In this paper, we firstly calculated the wind speed index, pressure index and latitude index that were defined by Archer and Caldeira (2008) to characterize the strength, the pressure level, and the latitudinal position of a jet stream, respectively. Then after that the variability of the characteristics of jet streams of both hemispheres in warm and cold seasons were investigated.
In addition, the temperature trend in the upper and lower troposphere was determined by calculating the average seasonal temperatures over latitudinal zones 0°-15°, 15°-30°, 30°-45°, 45°-60°, 60°-75°, 75°-90° in northern and southern hemisphere at upper levels of 400, 300, 250, 200, 150, 100 hPa and lower levels of 1000, 925, 850, 700 hPa.

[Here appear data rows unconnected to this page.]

lemma l2_norm2_le_pointwise_limit:
  assumes lim: "\<And>j. (\<lambda>M. y M j) \<longlonglongrightarrow> z j" and bd: "\<And>M. M \<ge> M0 \<Longrightarrow> l2 (y M) \<and> l2_norm2 (y M) \<le> B"
  shows "l2 z \<and> l2_norm2 z \<le> B"
proof -
  have le: "(\<Sum>j<N. (cmod (z j))\<^sup>2) \<le> B" for N
  proof (rule tendsto_le[OF _ tendsto_const])
    show "(\<lambda>M. \<Sum>j<N. (cmod (y M j))\<^sup>2) \<longlonglongrightarrow> (\<Sum>j<N. (cmod (z j))\<^sup>2)"
      by (intro tendsto_intros lim)
    have "(\<Sum>j<N. (cmod (y M j))\<^sup>2) \<le> B" if "M0 \<le> M" for M
      using bd[OF that] sum_le_suminf[of "\<lambda>j. (cmod (y M j))\<^sup>2" "{..<N}"]
      unfolding l2_def l2_norm2_def by auto
    then show "eventually (\<lambda>M. (\<Sum>j<N. (cmod (y M j))\<^sup>2) \<le> B) sequentially"
      unfolding eventually_sequentially by blast
  qed simp
  have s: "summable (\<lambda>j. (cmod (z j))\<^sup>2)"
    by (rule summableI_nonneg_bounded[OF _ le]) simp
  then show ?thesis
    unfolding l2_def l2_norm2_def using suminf_le_const[OF s le] by auto
qed

lemma Cauchy_l2_coordinate:
  assumes y: "\<And>M. l2 (y M)"
    and Cauchy: "\<And>e. 0 < e \<Longrightarrow> \<exists>N. \<forall>m\<ge>N. \<forall>n\<ge>m. l2_norm2 (\<lambda>j. y n j - y m j) < e"
  shows "Cauchy (\<lambda>M. y M j)"
proof (rule CauchyI)
  fix e :: real assume "0 < e"
  then obtain N where N: "\<And>m n. N \<le> m \<Longrightarrow> m \<le> n \<Longrightarrow> l2_norm2 (\<lambda>j. y n j - y m j) < e\<^sup>2"
    using Cauchy[of "e\<^sup>2"] by auto
  have ordered: "norm (y m j - y n j) < e" if "N \<le> m" "m \<le> n" for m n
  proof -
    have "(cmod (y n j - y m j))\<^sup>2 < e\<^sup>2"
      using norm_square_le_l2_norm2[OF l2_diff[OF y[of n] y[of m]], of j] N[OF that] by linarith
    from power_less_imp_less_base[OF this] \<open>0 < e\<close> show ?thesis
      by (simp add: norm_minus_commute)
  qed
  have "norm (y m j - y n j) < e" if "N \<le> m" "N \<le> n" for m n
    using ordered[of m n] ordered[of n m] that by (cases "m \<le> n") (auto simp: norm_minus_commute)
  then show "\<exists>N. \<forall>m\<ge>N. \<forall>n\<ge>N. norm (y m j - y n j) < e"
    by blast
qed

lemma l2_Cauchy_converges:
  assumes y: "\<And>M. l2 (y M)"
    and Cauchy: "\<And>e. 0 < e \<Longrightarrow> \<exists>N. \<forall>m\<ge>N. \<forall>n\<ge>m. l2_norm2 (\<lambda>j. y n j - y m j) < e"
  obtains S where "\<And>M. l2 (\<lambda>j. S j - y M j)"
    and "(\<lambda>M. l2_norm2 (\<lambda>j. S j - y M j)) \<longlonglongrightarrow> 0"
proof -
  define S where "S j = lim (\<lambda>M. y M j)" for j
  have S: "(\<lambda>M. y M j) \<longlonglongrightarrow> S j" for j
    using Cauchy_l2_coordinate[OF y Cauchy] unfolding S_def
    by (simp add: Cauchy_convergent_iff convergent_LIMSEQ_iff)
  have tail: "l2 (\<lambda>j. S j - y M j) \<and> l2_norm2 (\<lambda>j. S j - y M j) \<le> e"
    if "0 < e" "\<forall>m\<ge>N. \<forall>n\<ge>m. l2_norm2 (\<lambda>j. y n j - y m j) < e" "N \<le> M" for e N M
    by (rule l2_norm2_le_pointwise_limit[of "\<lambda>M' j. y M' j - y M j" _ M])
       (use that in \<open>auto intro!: tendsto_intros S l2_diff y less_imp_le\<close>)
  obtain N1 where N1: "\<forall>m\<ge>N1. \<forall>n\<ge>m. l2_norm2 (\<lambda>j. y n j - y m j) < 1"
    using Cauchy[of 1] by auto
  have "l2 (\<lambda>j. S j - y N1 j)"
    using tail[of 1 N1 N1] N1 by auto
  then have "l2 (\<lambda>j. (S j - y N1 j) - (y M j - y N1 j))" for M
    by (rule l2_diff[OF _ l2_diff[OF y y]])
  then have l2_tail: "l2 (\<lambda>j. S j - y M j)" for M
    by simp
  have "(\<lambda>M. l2_norm2 (\<lambda>j. S j - y M j)) \<longlonglongrightarrow> 0"
  proof (rule LIMSEQ_I)
    fix e :: real assume "0 < e"
    then obtain N where "\<forall>m\<ge>N. \<forall>n\<ge>m. l2_norm2 (\<lambda>j. y n j - y m j) < e / 2"
      using Cauchy[of "e / 2"] by auto
    then have half: "l2_norm2 (\<lambda>j. S j - y M j) \<le> e / 2" if "N \<le> M" for M
      using tail[of "e / 2" N M] that \<open>0 < e\<close> by auto
    have "norm (l2_norm2 (\<lambda>j. S j - y M j) - 0) < e" if "N \<le> M" for M
      using half[OF that] \<open>0 < e\<close> l2_norm2_nonneg[OF l2_tail, of M] by simp
    then show "\<exists>N. \<forall>M\<ge>N. norm (l2_norm2 (\<lambda>j. S j - y M j) - 0) < e"
      by blast
  qed
  with l2_tail that show ?thesis
    by blast
qed

locale l2_orthonormal =
  fixes u :: "nat \<Rightarrow> nat \<Rightarrow> complex"
  assumes l2_u: "\<And>m. l2 (u m)"
    and l2_inner_u: "\<And>m k. l2_inner (u m) (u k) = (if m = k then 1 else 0)"
begin

lemma l2_comb: "l2 (\<lambda>j. \<Sum>m\<in>A. c m * u m j)"
  by (rule l2_sum) (auto intro: l2_u)

lemma l2_inner_comb_u:
  "finite A \<Longrightarrow> l2_inner (\<lambda>j. \<Sum>m\<in>A. c m * u m j) (u k) = (if k \<in> A then c k else 0)"
  by (simp add: l2_inner_sum_left l2_u l2_inner_u if_distrib[of "\<lambda>x. _ * x"] cong: if_cong)

lemma l2_norm2_comb:
  assumes A: "finite A"
  shows "l2_norm2 (\<lambda>j. \<Sum>m\<in>A. c m * u m j) = (\<Sum>m\<in>A. (cmod (c m))\<^sup>2)"
proof -
  have "complex_of_real (l2_norm2 (\<lambda>j. \<Sum>m\<in>A. c m * u m j))
      = l2_inner (\<lambda>j. \<Sum>m\<in>A. c m * u m j) (\<lambda>j. \<Sum>m\<in>A. c m * u m j)"
    by (rule l2_inner_self[symmetric, OF l2_comb])
  also have "\<dots> = (\<Sum>m\<in>A. cnj (c m) * c m)"
    using A by (simp add: l2_inner_sum_right l2_u l2_comb l2_inner_comb_u)
  also have "\<dots> = complex_of_real (\<Sum>m\<in>A. (cmod (c m))\<^sup>2)"
    unfolding of_real_sum complex_norm_square by (simp add: mult.commute)
  finally show ?thesis
    by (simp only: of_real_eq_iff)
qed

We found that, in general, the jet streams have moved poleward in both hemispheres so that the shift to the pole of subtropical jets in the northern hemisphere was 0.061 (0.019) °/decade in DJF (JJA) and in the southern hemisphere was 0.307 (0.223) °/decade in DJF (JJA) for 1948-2023.
Also of the southern hemisphere the subtropical jet in winter and summer is weakening but the polar front jet is strengthening. In the northern hemisphere, in both warm and cold seasons the trend of wind speed is increasing in the poleward side of the jet axis, and is decreasing in the southern side of its axis, while in the trend of the maximum wind speed is upward.
One of the important factors of these changes can be related to the upward temperature trend in the tropical and subtropical regions of both hemispheres.
In this statistical period, the smallness of the slope of the zonal mean of seasonal temperature trend line of the lower levels of the tropical region compared to the slope of the average temperature trend of the upper levels of the subtropical region has caused that the strengthening of the Hadley cell convection which is less than the weakening of its meridional circulation range, this can be one of the factors that lowered the trend of the jet streams speed in both hemispheres.
Also, the results showed that the mass-flux weighted pressure in the DJF season is minimum around the equator and in the JJA season around the orbit of 12°N from the west of Mauritania to the southeast of China is minimum.